Bowling with a herniated disc can be a frightening experience for newly diagnosed patients. In fact, we receive many letters from bowling aficionados who were recently told that they must be careful after positive diagnosis of one or more intervertebral disc abnormalities. These people are often terribly conflicted about whether or not to continue participating in their beloved pastime, which is completely understandable. We are highly empathic to anyone who finds themselves at odds between embracing a passion and doing what they have been told might be the safer path towards less pain and better health, even if it means abandoning their great love.
Bowling is well known as an activity that can cause or exacerbate back pain. Although most commonly associated with lower back issues, we can say for sure that we have seen many people suffer escalated neck symptoms and even upper back symptoms in association with bowling participation. However, we stop short of universally saying that the activity was the direct cause of these symptomatic flare-ups, especially when linked to herniated discs specifically.
This interesting article delves into the idea of continuing to be an active bowler, despite having one or more herniated discs. We will discuss risk factors of bowling with a herniated disc and provide helpful guidance for anyone who must decide their future path regarding bowling after a bulging disc diagnosis.
Most herniated discs are diagnosed at L4/L5 and/or L5/S1. This area at the end of the spinal column suffers the most marked degeneration at the earliest age and is often already deteriorated substantially by the age of 30 or so. In our research, we find intervertebral bulging and herniation affects more people at these locations than not, when considering adults over the age of 40. This means that more than half of all bowlers over age 40 probably fall into the group that demonstrates some variety of disc abnormality in the lower spine, although many have not been diagnosed or even have any idea of the atypical spinal disc condition expressed by their lumbar spine.
One must also consider that disc desiccation, also commonly known as degenerative disc disease, is almost universal in adults past age 40 and is also most typically found at these 2 specific intervertebral levels. It is well known that desiccation encourages herniation, so even people who do not currently demonstrate herniation have a fair chance of developing it in the future.
Herniated discs in the lumbar spine are relevant to bowling, since the activity utilizes the vertebral column and muscular tissues located here for virtually every aspect of the game. The lumbar spine is actively engaged when actually bowling, especially just before and during ball release. The lumbar spine is also engaged when retrieving the ball from the return.
People with cervical disc herniations and bulges can also feel afraid of bowling due to the possibility of escalation of symptoms. Most cervical disc abnormalities are also related to degeneration in the neck region and typically occur following desiccation of one or more discs located between C4 and T1. This region includes the C4/C5, C5/C6, C6/C7 and C7/T1 discs.
While cervical disc herniation is not as common as lumbar varieties of disc abnormality, incidence of intervertebral bulging and prolapse is still very high in the general population, accounting for about 35% to 45% of adults over the age of 40.

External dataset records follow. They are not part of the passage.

lemma residues_permuted_if_every_unit_hits:
  fixes q :: nat and x :: "nat \<Rightarrow> int"
  assumes q: "prime q"
    and nonzero: "\<forall>j\<in>{1..q-1}. \<not> int q dvd x j"
    and hits: "\<And>u. \<exists>j\<in>{1..q-1}. [u * x j = 0] (mod int q) \<or> [u * x j = 1] (mod int q)"
  shows "(\<lambda>j. x j mod int q) ` {1..q-1} = int ` {1..q-1}"
proof
  have q0: "int q > 0"
    using prime_gt_0_nat[OF q] by simp
  show "(\<lambda>j. x j mod int q) ` {1..q-1} \<subseteq> int ` {1..q-1}"
  proof clarify
    fix j assume "j \<in> {1..q-1}"
    then have "x j mod int q \<noteq> 0"
      using nonzero by (simp add: dvd_eq_mod_eq_0)
    moreover have "0 \<le> x j mod int q" "x j mod int q < int q"
      using q0 by simp_all
    ultimately show "x j mod int q \<in> int ` {1..q-1}"
      by (intro image_eqI[of _ _ "nat (x j mod int q)"]) auto
  qed
  show "int ` {1..q-1} \<subseteq> (\<lambda>j. x j mod int q) ` {1..q-1}"
  proof clarify
    fix c assume c: "c \<in> {1..q-1}"
    then have "\<not> q dvd c"
      by (auto dest: dvd_imp_le)
    then have "coprime (int c) (int q)"
      using prime_imp_coprime[OF q] by (simp add: coprime_commute)
    then obtain u where u: "[int c * u = 1] (mod int q)"
      using cong_solve_coprime_int by blast
    obtain j where j: "j \<in> {1..q-1}"
      and "[u * x j = 0] (mod int q) \<or> [u * x j = 1] (mod int q)"
      using hits by blast
    moreover have "\<not> [u * x j = 0] (mod int q)"
    proof
      assume "[u * x j = 0] (mod int q)"
      then have "[int c * u * x j = 0] (mod int q)"
        using cong_scalar_left[of _ _ _ "int c"] by (fastforce simp: ac_simps)
      then have "[x j = 0] (mod int q)"
        using u cong_scalar_right[OF u, of "x j"] by (metis cong_sym cong_trans mult_1)
      then show False
        using nonzero j by (simp add: cong_0_iff)
    qed
    ultimately have "[u * x j = 1] (mod int q)"
      by blast
    then have "[x j = int c] (mod int q)"
      using cong_scalar_left[of _ _ _ "int c"] cong_scalar_right[OF u, of "x j"]
      by (metis cong_sym cong_trans mult.assoc mult_1 mult.right_neutral)
    moreover have "int c < int q"
      using c by auto
    ultimately have "x j mod int q = int c"
      by (simp add: cong_def)
    with j show "int c \<in> (\<lambda>j. x j mod int q) ` {1..q-1}"
      by (metis image_eqI)
  qed
qed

Cervical herniated discs are relevant to bowling since the neck is actively engaged in the approach to ball release, as well as when the ball is actually thrown.
Many doctors caution their patients to be careful when bowling, or not to bowl at all, following diagnosis of a herniated disc. However, there is little evidence that this advice is logical or prudent, since such guidance can incite the nocebo effect, generating additional pain rather than helping to relieve symptoms.
Research shows that most herniated discs are not pathological and do not require any special care or considerations. It is certainly true that bowling can induce back pain, but this fact is often unrelated to any herniated disc that may or may not exist in a given patient, since most instances of bowling-related dorsalgia are muscular in nature and not spinally-motivated.
Therefore, our experience generally tells us that bowling is usually fine for most herniated disc patients, although they should maintain all the best practices that will reduce the chance of suffering any type of dorsal injury, such as perfect form and posture, as well as always being mindful of how the body is working during the game.
Remember that one of the most widely used treatments for herniated discs is physical therapy and this path involves highly strenuous exercises the help build the strength and endurance of the back muscles. Bowling can qualify as an excellent constructive exercise for the back, legs and other parts of the anatomy and should not be excluded simply because of a herniated disc. After all, if all bowlers with degenerated, bulging and herniated discs were to suddenly stop, the remaining population of bowlers would be about 10% of what it is right now. This is how many people are currently bowling pain-free with various spinal disc abnormalities and enjoying themselves in the process.
Before getting on the lanes, be sure to ask your physical therapist for guidance that is best suited for your specific condition, including any cautions about bowling with a herniated disc that might apply to you.